The greenness evaluation of literature analytical methods for pterostilbene (PT) analysis was not performed. Accordingly, the rapid, sensitive, and green/sustainable reversed-phase high-performance thin-layer chromatography (RP-HPTLC) method was developed and compared to the normal-phase (NP)-HPTLC (NP-HPTLC) for the estimation of PT with a classical univariate calibration. The RP quantification of PT was performed using green solvent systems; however, the NP analysis of PT was performed using routine solvent systems.
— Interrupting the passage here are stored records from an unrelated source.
lemma gpath_disjoint_union:
  assumes "gpath (map_prod Inl Inl ` T1 \<union> map_prod Inr Inr ` T2) u"
  shows "(\<exists>s. gpath T1 s \<and> u = (\<lambda>i. Inl (s i))) \<or> (\<exists>s. gpath T2 s \<and> u = (\<lambda>i. Inr (s i)))"
proof -
  let ?T = "map_prod Inl Inl ` T1 \<union> map_prod Inr Inr ` T2"
  have edge: "(u i, u (i + 1)) \<in> ?T" for i using assms unfolding gpath_def by blast
  have side: "isl (u i) = isl (u 0)" for i
  proof (induction i rule: int_induct[where k = 0])
    case (step1 i) then show ?case using edge[of i] by auto
  next
    case (step2 i) then show ?case using edge[of "i - 1"] by auto
  qed simp
  show ?thesis
  proof (cases "isl (u 0)")
    case True
    then have u: "u i = Inl (projl (u i))" for i using side[of i] by (cases "u i") auto
    have "(projl (u i), projl (u (i + 1))) \<in> T1" for i
      using edge[of i] u[of i] u[of "i + 1"] by auto
    then have "gpath T1 (\<lambda>i. projl (u i))" unfolding gpath_def by blast
    moreover have "u = (\<lambda>i. Inl (projl (u i)))" using u by blast
    ultimately show ?thesis by blast
  next
    case False
    then have u: "u i = Inr (projr (u i))" for i using side[of i] by (cases "u i") auto
    have "(projr (u i), projr (u (i + 1))) \<in> T2" for i
      using edge[of i] u[of i] u[of "i + 1"] by auto
    then have "gpath T2 (\<lambda>i. projr (u i))" unfolding gpath_def by blast
    moreover have "u = (\<lambda>i. Inr (projr (u i)))" using u by blast
    ultimately show ?thesis by blast
  qed
qed

lemma gshift_union:
  "gshift T1 l1 \<union> gshift T2 l2 = gshift (map_prod Inl Inl ` T1 \<union> map_prod Inr Inr ` T2) (case_sum l1 l2)"
  (is "_ = gshift ?T ?l")
proof
  show "gshift T1 l1 \<union> gshift T2 l2 \<subseteq> gshift ?T ?l"
  proof
    fix x assume "x \<in> gshift T1 l1 \<union> gshift T2 l2"
    then consider s where "gpath T1 s" "x = (\<lambda>i. l1 (s i))" | s where "gpath T2 s" "x = (\<lambda>i. l2 (s i))"
      unfolding gshift_def by blast
    then show "x \<in> gshift ?T ?l"
    proof cases
      case 1
      then have "gpath ?T (\<lambda>i. Inl (s i))" unfolding gpath_def by auto
      then show ?thesis using 1(2) unfolding gshift_def by force
    next
      case 2
      then have "gpath ?T (\<lambda>i. Inr (s i))" unfolding gpath_def by auto
      then show ?thesis using 2(2) unfolding gshift_def by force
    qed
  qed
  show "gshift ?T ?l \<subseteq> gshift T1 l1 \<union> gshift T2 l2"
  proof
    fix x assume "x \<in> gshift ?T ?l"
    then obtain u where u: "gpath ?T u" "x = (\<lambda>i. ?l (u i))" unfolding gshift_def by blast
    from gpath_disjoint_union[OF u(1)] show "x \<in> gshift T1 l1 \<union> gshift T2 l2"
      unfolding gshift_def u(2) by auto
  qed
qed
The PT was detected at 302 nm for both of the methods. The greenness scores for the current analytical assays were evaluated by the analytical GREEnness (AGREE) metric approach. The classical univariate calibration for RP and NP methods indicated the linearity range as 10–1600 and 30–400 ng band−1, respectively. The RP method was more reliable for PT analysis compared to the NP method. The PT contents in commercial capsule dosage form were found to be 100.84% using the RP method; however, the PT contents in commercial capsule dosage form were determined as 92.59% using the NP method. The AGREE scores for RP and NP methods were 0.78 and 0.46, respectively. The sustainable RP-HPTLC assay was able to detect PT in the presence of its degradation products, and hence it can be considered as a selective and stability-indicating method. Accordingly, the RP-HPTLC method with univariate calibration has been considered as a superior method over the NP-HPTLC method for PT analysis.